Kate’s mum told me ‘I live for the sake of my living daughter, I fight for the sake of my dead daughter, but every day all I really do is exist because of the pain that is so intense as a result of my loss, and everything I continue to have to live through.’
I remain concerned that due to inadequate systems surrounding the reporting and investigation of serous harm and avoidable loss in maternity services, we still don’t have as full an understanding of the variation in quality and safety and the underlying causes as we could. Projects like Each Baby Counts are hugely important, but until this work is complete, one way we can really start to understand where the gaps are is by meeting families who have experienced avoidable harm and loss and listening to their experience and insights. In fact if we don’t do this, aren’t we missing out on one of the richest and most valuable sources of information about safety and quality and how to improve that there is?
When I was a member of the national maternity review panel, I argued that the review should hold some special workshops and focus groups to ensure that it did properly listen to people with recent experience of avoidable loss and harm. My concern was that the regional events run by the maternity review might be quite daunting to many bereaved parents. For example, just going somewhere with other mums with young children and babies can be emotionally hard for someone who has recently lost a baby.
I was saddened that I wasn’t listened to regarding these issues.
After I resigned from the maternity review, I was contacted by one bereaved mum who told me about attending a ‘think tank’ event run by the maternity review.

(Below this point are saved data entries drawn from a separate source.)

(* Let $Q_{22}\in\mathbb{S}_q$ with $Q_{22}\succ0$ and $\Xi\in\mathbb{A}_q$. Then the self-adjoint linear operator $X\mapsto Q_{22}X-\Xi XJ_2$ on $\mathbb{R}^{q\times m_2}$ (equipped with the Frobenius inner product), which is the second Fréchet derivative $\partial_b^2\mathcal{L}$ of the Lagrange function with respect to $b$, is positive definite if and only if $\rho(Q_{22}^{-1}\Xi)<1$.
   Context: $\mathbb{S}_k$ and $\mathbb{A}_k$ denote the spaces of real symmetric and real antisymmetric $k\times k$ matrices; $\rho(\cdot)$ is the spectral radius. $m_2$ is even, $\mu_2=m_2/2$, $J_2:=\begin{bmatrix}0&I_{\mu_2}\\-I_{\mu_2}&0\end{bmatrix}$. (For the identification with $\partial_b^2\mathcal L$: $\mathcal L$ depends on $b$ through $\mathcal E$, whose $b$-derivative is $Q_{22}b$, and through the term $\frac12\langle\Xi,bJ_2b^{T}\rangle+\langle\Gamma,bJ_2d^T\rangle$, with $Q_{22}$ the lower-right $q\times q$ block of the observability Gramian, which does not depend on $b$.) *)

theory Defs
  imports "HOL-Analysis.Analysis"
begin

text \<open>Columns of matrices in R^(q x m2) are indexed by 'mu + 'mu, so m2 = 2 mu is even.
  J2 = [[0, I],[-I, 0]] in this block indexing.\<close>
definition J2 :: "real ^ ('mu::finite + 'mu) ^ ('mu + 'mu)" where
  "J2 = (\<chi> a b. case (a, b) of
            (Inl i, Inr j) \<Rightarrow> (if i = j then 1 else 0)
          | (Inr i, Inl j) \<Rightarrow> (if i = j then -1 else 0)
          | _ \<Rightarrow> 0)"

definition sym_mat :: "real ^ 'n ^ 'n \<Rightarrow> bool" where
  "sym_mat A \<longleftrightarrow> transpose A = A"
lemma quot_smult:
  assumes C: "rsubmodule R M C" and x: "x \<in> carrier M" and r: "r \<in> carrier R"
  shows "rsmult (quot M C) (mcoset M C x) r = mcoset M C (rsmult M x r)"
proof -
  have "{rsmult M a r \<oplus>\<^bsub>M\<^esub> c | a c. a \<in> mcoset M C x \<and> c \<in> C} = mcoset M C (rsmult M x r)"
  proof (rule Set.set_eqI, rule iffI)
    fix z assume "z \<in> {rsmult M a r \<oplus>\<^bsub>M\<^esub> c | a c. a \<in> mcoset M C x \<and> c \<in> C}"
    then obtain a c where ac: "z = rsmult M a r \<oplus>\<^bsub>M\<^esub> c" "a \<in> mcoset M C x" "c \<in> C" by auto
    then have a: "a \<in> carrier M" "a \<ominus>\<^bsub>M\<^esub> x \<in> C" and cc: "c \<in> carrier M"
      using coset_mem[OF C x] submoduleD(1)[OF C] by auto
    have "z \<ominus>\<^bsub>M\<^esub> rsmult M x r = rsmult M (a \<ominus>\<^bsub>M\<^esub> x) r \<oplus>\<^bsub>M\<^esub> c"
      using ac a cc x r by (simp add: smult_add_left smult_neg group_simps)
    then show "z \<in> mcoset M C (rsmult M x r)"
      using ac a cc x r coset_mem[OF C] submoduleD(3,5)[OF C] by simp
  next
    fix z assume "z \<in> mcoset M C (rsmult M x r)"
    then have z: "z \<in> carrier M" "z \<ominus>\<^bsub>M\<^esub> rsmult M x r \<in> C" using coset_mem[OF C] x r by auto
    then have "z = rsmult M x r \<oplus>\<^bsub>M\<^esub> (z \<ominus>\<^bsub>M\<^esub> rsmult M x r)"
      using diff_add_cancel x r by (simp add: G.a_comm)
    then show "z \<in> {rsmult M a r \<oplus>\<^bsub>M\<^esub> c | a c. a \<in> mcoset M C x \<and> c \<in> C}"
      using coset_self[OF C x] z by blast
  qed
  then show ?thesis unfolding quot_def by simp
qed
lemma scalar_prod_mat_adjoint:
  assumes G: "(G :: complex mat) \<in> carrier_mat m n" and v: "v \<in> carrier_vec n"
    and w: "w \<in> carrier_vec m"
  shows "conjugate v \<bullet> (mat_adjoint G *\<^sub>v w) = conjugate (G *\<^sub>v v) \<bullet> w"
proof -
  have "conjugate v \<bullet> (mat_adjoint G *\<^sub>v w) = (\<Sum>i<n. \<Sum>k<m. cnj (v$i) * (cnj (G$$(k,i)) * w$k))"
    using G v w by (auto simp: scalar_prod_def lessThan_atLeast0 sum_distrib_left intro!: sum.cong)
  also have "\<dots> = (\<Sum>k<m. (\<Sum>i<n. cnj (G$$(k,i)) * cnj (v$i)) * w$k)"
    by (subst sum.swap) (simp add: sum_distrib_left sum_distrib_right mult_ac)
  also have "\<dots> = conjugate (G *\<^sub>v v) \<bullet> w"
    using G v w by (auto simp: scalar_prod_def lessThan_atLeast0 intro!: sum.cong)
  finally show ?thesis .
qed

lemma congruence_uminus:
  assumes "(G :: complex mat) \<in> carrier_mat n m" "P \<in> carrier_mat n n"
  shows "mat_adjoint (- G) * P * (- G) = mat_adjoint G * P * G"
  using assms by (simp add: mat_adjoint_uminus)

lemma adjoint_mult_congruence:
  assumes R: "(R :: complex mat) \<in> carrier_mat N N" and w: "w \<in> carrier_mat N m" and P: "P \<in> carrier_mat N N"
  shows "mat_adjoint w * mat_adjoint R * P * R * w = mat_adjoint (R * w) * P * (R * w)"
  using assoc_mult_mat[OF mult_carrier_mat[OF mat_adjoint_carrier[OF mult_carrier_mat[OF R w]] P] R w]
    mat_adjoint_mult[OF R w] by simp

lemma minv_correct:
  assumes A: "(A :: complex mat) \<in> carrier_mat n n" and "det A \<noteq> 0"
  shows "minv A \<in> carrier_mat n n" "A * minv A = 1\<^sub>m n" "minv A * A = 1\<^sub>m n"
proof -
  from det_non_zero_imp_unit[OF assms, of "()"] obtain B
    where "B \<in> carrier_mat n n" "B * A = 1\<^sub>m n" "A * B = 1\<^sub>m n"
    unfolding Units_def ring_mat_def by auto
  then have "\<exists>B. B \<in> carrier_mat (dim_row A) (dim_row A) \<and> A * B = 1\<^sub>m (dim_row A)
               \<and> B * A = 1\<^sub>m (dim_row A)"
    using A by auto
  from someI_ex[OF this] A
  show "minv A \<in> carrier_mat n n" "A * minv A = 1\<^sub>m n" "minv A * A = 1\<^sub>m n"
    unfolding minv_def by auto
qed

lemma minv_mult_cancel:
  assumes A: "(A :: complex mat) \<in> carrier_mat n n" "det A \<noteq> 0" and X: "X \<in> carrier_mat n m"
  shows "minv A * (A * X) = X" "A * (minv A * X) = X"
proof -
  note Ai = minv_correct[OF A]
  show "minv A * (A * X) = X"
    using assoc_mult_mat[OF Ai(1) A(1) X] Ai(3) X by simp
  show "A * (minv A * X) = X"
    using assoc_mult_mat[OF A(1) Ai(1) X] Ai(2) X by simp
qed

lemma minv_hermitian:
  assumes A: "(A :: complex mat) \<in> carrier_mat n n" "det A \<noteq> 0" and h: "mat_adjoint A = A"
  shows "mat_adjoint (minv A) = minv A"
proof -
  note Ai = minv_correct[OF A]
  have "mat_adjoint (minv A) * A = 1\<^sub>m n"
    using mat_adjoint_mult[OF A(1) Ai(1)] Ai(2) h by simp
  have "mat_adjoint (minv A) = mat_adjoint (minv A) * (A * minv A)"
    using Ai by simp
  also have "\<dots> = mat_adjoint (minv A) * A * minv A"
    using Ai A by (simp add: assoc_mult_mat[of _ n n _ n _ n])
  finally show ?thesis
    using \<open>mat_adjoint (minv A) * A = 1\<^sub>m n\<close> Ai by simp
qed

lemma pos_defI:
  assumes "A \<in> carrier_mat n n" "mat_adjoint A = A"
    and "\<And>v. v \<in> carrier_vec n \<Longrightarrow> v \<noteq> 0\<^sub>v n \<Longrightarrow>
           Im (conjugate v \<bullet> (A *\<^sub>v v)) = 0 \<and> 0 < Re (conjugate v \<bullet> (A *\<^sub>v v))"
  shows "pos_def A"
  using assms unfolding pos_def_def hermitian_def Let_def by auto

She told me that she felt ‘a lone voice’ when trying to talk about safety. The table she was on was mostly maternity professionals and they had to do a group exercise to discuss a scenario where a mum had wanted a homebirth but had been advised by a doctor against it. The mum then went on to have a straightforward birth and a healthy baby but felt ‘regret’ because she hadn’t had the birth experience she wanted.
I felt saddened when I heard this. I thought about how that mum must have felt having a conversation with midwifery professionals about sympathy for someone who didn’t get the birth ‘experience’ they wanted, yet had a healthy and perfect baby – the one thing this mum would have given the whole world to change in her own situation.
On further reflection, I now realise that this example perfectly illustrates a wider issue across maternity services at the moment; that there is a real tension between an ethos that focuses on ‘experience’ but where risk and safety sometimes feel played down.
I have a genuine concern that in some places, a culture has developed where there is so much emphasis on ‘experience’ and ‘protecting normality’, that the occasional avoidable loss or serious harm caused to a baby because of failure to properly assess and manage risk, is seen as a sad, but inevitable aspect of childbirth and the full impact on the family involved isn’t understood or given the weight it should be.
In a system that can currently act to make it so hard for the truth about avoidable harm and loss to emerge and lessons to be learned, it seems to me that a good starting point for any review looking at recommendations for improvement in maternity care should be to reach out and listen to as many people affected by avoidable harm and loss as possible and furthermore, to actively involve such people in the review process and design of solutions.
If we don’t do this, I feel that there is a real danger that the most important issues will be missed and that the very people who have the biggest stake in wanting to see services improve, those who truly understand the impact of when things go wrong, the voices that we most need to listen to, won’t truly have been heard.